* **Exercise prompt**:
Reproduce, exactly, the lines of the material below from the line containing "define hi where" through the line containing "w) = concat", with both end lines included and nothing else.

* **Dataset content**:
lemma wlev_take_rev: "i < length w \<Longrightarrow> wlev a b (take (Suc i) (rev w)) = - lev (length w - Suc i)"
proof -
  assume i: "i < length w"
  define k where "k = length w - Suc i"
  have "take (Suc i) (rev w) = rev (drop k w)" using i unfolding k_def by (simp add: take_rev)
  moreover have "countN (drop k w) = a - countN (take k w)" "countE (drop k w) = b - countE (take k w)"
    using countN_append[of "take k w" "drop k w"] countE_append[of "take k w" "drop k w"]
      countN_w countE_w by simp_all
  ultimately show ?thesis
    using countN_take_le[of k w] countE_take_le[of k w] lev_eq[of k] countN_w countE_w
    unfolding k_def[symmetric] wlev_def ptlev_def by (simp add: of_nat_diff algebra_simps)
qed

lemma set_wlev_take_rev:
  "set (map (\<lambda>i. wlev a b (take i (rev w))) [1..<length w + 1]) = uminus ` levels"
proof -
  have "set [1..<length w + 1] = Suc ` {..<length w}"
    unfolding set_upt image_Suc_lessThan by (simp add: atLeastLessThanSuc_atLeastAtMost)
  then have "set (map (\<lambda>i. wlev a b (take i (rev w))) [1..<length w + 1])
      = (\<lambda>i. - lev (length w - Suc i)) ` {..<length w}"
    using wlev_take_rev by (auto simp: image_image)
  also have "\<dots> = (\<lambda>j. - lev j) ` {..<length w}"
  proof (rule set_eqI, rule iffI)
    fix x assume "x \<in> (\<lambda>j. - lev j) ` {..<length w}"
    then obtain j where "j < length w" "x = - lev j" by auto
    then show "x \<in> (\<lambda>i. - lev (length w - Suc i)) ` {..<length w}"
      by (intro image_eqI[of _ _ "length w - Suc j"]) auto
  qed auto
  finally show ?thesis unfolding levels_def by (simp add: image_image)
qed

lemma sweep_level_class_rev:
  "concat (map (\<lambda>i. if wlev a b (take (i + 1) (rev w)) = k then [rev w ! i] else []) [0..<length w])
   = (if - k \<in> levels then [letter (- k)] else [])"
proof (cases "- k \<in> levels")
  case True
  then obtain j where j: "j < length w" "lev j = - k" unfolding levels_def by auto
  have "filter (\<lambda>i. wlev a b (take (i + 1) (rev w)) = k) [0..<length w] = [length w - Suc j]"
  proof (rule filter_upt_eq_singleton)
    fix i assume i: "i < length w"
    show "wlev a b (take (i + 1) (rev w)) = k \<longleftrightarrow> i = length w - Suc j"
      using wlev_take_rev[OF i] lev_inj[of "length w - Suc i" j] i j by auto
  qed (use j in simp)
  then show ?thesis
    unfolding concat_map_if_singleton using True j letter_lev[of j] by (simp add: rev_nth)
next
  case False
  then have "filter (\<lambda>i. wlev a b (take (i + 1) (rev w)) = k) [0..<length w] = []"
    using wlev_take_rev unfolding levels_def by (auto simp: filter_empty_conv)
  then show ?thesis unfolding concat_map_if_singleton using False by simp
qed

text \<open>All levels of \<open>rev w\<close> are nonpositive, so the sweep reads the letters of \<open>w\<close> in
  increasing order of the levels of their starting points.\<close>

lemma sweep_rev: "sweep a b (rev w) = map letter (sorted_list_of_set levels)"
proof -
  define ls where "ls = map (\<lambda>i. wlev a b (take i (rev w))) [1..<length w + 1]"
  define lo where "lo = Min (insert 0 (set ls))"
  have ls: "set ls = uminus ` levels"
    unfolding ls_def by (rule set_wlev_take_rev)
  have levels_nonneg: "0 \<le> l" if "l \<in> levels" for l
    using that lev_nonneg unfolding levels_def by auto
  have lo: "- l \<in> {lo..0}" if "l \<in> levels" for l
    using that ls levels_nonneg unfolding lo_def by (auto intro: Min_le)
  define hi where "hi = Max (insert 0 (set ls))"
  have hi: "hi = 0"
    unfolding hi_def using ls levels_nonneg by (intro Max_eqI) auto
  define F where "F k = concat (map (\<lambda>i. if wlev a b (take (i + 1) (rev w)) = k then [rev w ! i] else [])
      [0..<length w])" for k
  have "sweep a b (rev w) = concat (map F (rev [lo..0] @ rev [1..hi]))"
    unfolding sweep_def Let_def F_def lo_def hi_def ls_def by simp
  also have "\<dots> = concat (map (\<lambda>k. if - k \<in> levels then [letter (- k)] else []) (rev [lo..0]))"
    unfolding hi F_def sweep_level_class_rev by simp
  also have "\<dots> = map letter (filter (\<lambda>l. l \<in> levels) (map uminus (rev [lo..0])))"
    unfolding concat_map_if_singleton by (simp add: filter_map comp_def)
  also have "filter (\<lambda>l. l \<in> levels) (map uminus (rev [lo..0])) = sorted_list_of_set levels"
  proof (rule sym, rule sorted_list_of_set_eqI)
    show "sorted_wrt (<) (filter (\<lambda>l. l \<in> levels) (map uminus (rev [lo..0])))"
      using sorted_wrt_upto[of lo 0]
      by (intro sorted_wrt_filter) (simp add: sorted_wrt_map sorted_wrt_rev)
    show "set (filter (\<lambda>l. l \<in> levels) (map uminus (rev [lo..0]))) = levels"
      using lo by force
  qed simp
  finally show ?thesis .
qed

definition N_levels :: "int set" where
  "N_levels = {l \<in> levels. letter l = N}"

definition E_levels :: "int set" where
  "E_levels = {l \<in> levels. letter l = E}"

definition E_below :: "int \<Rightarrow> nat" where
  "E_below l = card {l' \<in> E_levels. l' < l}"

lemma finite_N_levels [simp]: "finite N_levels"
  unfolding N_levels_def by simp

lemma finite_E_levels [simp]: "finite E_levels"
  unfolding E_levels_def by simp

* **Solution to this exercise**:
  define hi where "hi = Max (insert 0 (set ls))"
  have hi: "hi = 0"
    unfolding hi_def using ls levels_nonneg by (intro Max_eqI) auto
  define F where "F k = concat (map (\<lambda>i. if wlev a b (take (i + 1) (rev w)) = k then [rev w ! i] else [])
      [0..<length w])" for k
  have "sweep a b (rev w) = concat (map F (rev [lo..0] @ rev [1..hi]))"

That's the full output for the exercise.